## Information provided
════════════════
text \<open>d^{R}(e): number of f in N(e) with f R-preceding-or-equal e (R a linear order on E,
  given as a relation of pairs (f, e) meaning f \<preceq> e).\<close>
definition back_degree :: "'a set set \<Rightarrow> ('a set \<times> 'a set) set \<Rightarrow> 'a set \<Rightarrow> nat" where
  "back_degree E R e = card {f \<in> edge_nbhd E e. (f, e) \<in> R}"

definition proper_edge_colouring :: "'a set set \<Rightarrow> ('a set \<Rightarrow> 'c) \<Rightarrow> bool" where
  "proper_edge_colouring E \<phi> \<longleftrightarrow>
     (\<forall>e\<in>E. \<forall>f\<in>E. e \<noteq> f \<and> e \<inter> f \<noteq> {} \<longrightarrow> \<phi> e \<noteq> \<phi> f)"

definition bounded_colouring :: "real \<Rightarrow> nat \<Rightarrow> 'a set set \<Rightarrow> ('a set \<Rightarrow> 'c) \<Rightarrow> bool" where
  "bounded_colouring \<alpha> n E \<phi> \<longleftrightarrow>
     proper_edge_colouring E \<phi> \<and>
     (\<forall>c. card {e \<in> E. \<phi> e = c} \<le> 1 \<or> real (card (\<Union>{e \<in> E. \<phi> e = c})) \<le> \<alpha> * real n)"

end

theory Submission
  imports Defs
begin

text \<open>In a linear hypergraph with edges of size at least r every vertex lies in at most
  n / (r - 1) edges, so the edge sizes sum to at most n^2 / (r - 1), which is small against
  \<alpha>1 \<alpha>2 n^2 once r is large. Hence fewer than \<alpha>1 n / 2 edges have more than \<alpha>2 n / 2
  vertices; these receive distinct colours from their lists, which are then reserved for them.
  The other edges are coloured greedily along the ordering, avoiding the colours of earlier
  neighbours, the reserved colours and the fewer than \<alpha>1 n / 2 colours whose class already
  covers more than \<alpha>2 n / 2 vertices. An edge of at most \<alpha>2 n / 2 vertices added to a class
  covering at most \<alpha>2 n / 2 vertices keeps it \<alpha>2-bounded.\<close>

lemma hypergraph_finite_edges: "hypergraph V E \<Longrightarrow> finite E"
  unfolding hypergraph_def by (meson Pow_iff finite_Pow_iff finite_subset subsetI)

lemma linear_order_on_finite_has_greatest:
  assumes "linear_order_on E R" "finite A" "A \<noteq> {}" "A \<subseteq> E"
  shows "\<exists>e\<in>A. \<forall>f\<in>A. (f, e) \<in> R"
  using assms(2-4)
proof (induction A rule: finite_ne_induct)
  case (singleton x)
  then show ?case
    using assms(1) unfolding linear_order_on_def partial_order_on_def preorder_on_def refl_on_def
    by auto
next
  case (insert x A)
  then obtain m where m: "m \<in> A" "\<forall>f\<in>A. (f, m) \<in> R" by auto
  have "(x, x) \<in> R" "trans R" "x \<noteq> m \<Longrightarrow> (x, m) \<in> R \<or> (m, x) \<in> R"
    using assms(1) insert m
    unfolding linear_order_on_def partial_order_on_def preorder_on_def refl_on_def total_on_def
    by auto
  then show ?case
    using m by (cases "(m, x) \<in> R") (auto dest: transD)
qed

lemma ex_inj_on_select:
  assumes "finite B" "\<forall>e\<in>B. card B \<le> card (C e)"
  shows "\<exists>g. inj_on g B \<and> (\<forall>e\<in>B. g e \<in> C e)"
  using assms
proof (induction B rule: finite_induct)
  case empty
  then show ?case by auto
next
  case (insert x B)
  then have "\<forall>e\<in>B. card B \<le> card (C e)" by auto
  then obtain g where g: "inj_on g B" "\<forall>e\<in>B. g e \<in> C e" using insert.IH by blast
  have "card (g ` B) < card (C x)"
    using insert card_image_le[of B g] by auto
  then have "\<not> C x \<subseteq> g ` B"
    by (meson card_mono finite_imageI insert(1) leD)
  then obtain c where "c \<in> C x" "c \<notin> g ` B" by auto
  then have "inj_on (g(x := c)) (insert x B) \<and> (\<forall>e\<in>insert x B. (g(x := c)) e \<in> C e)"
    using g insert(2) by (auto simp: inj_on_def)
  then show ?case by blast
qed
════════════════
## Task details
Tally the lines that hold the word "unfolding" in the listing, and give the tally with nothing else.

## Response
3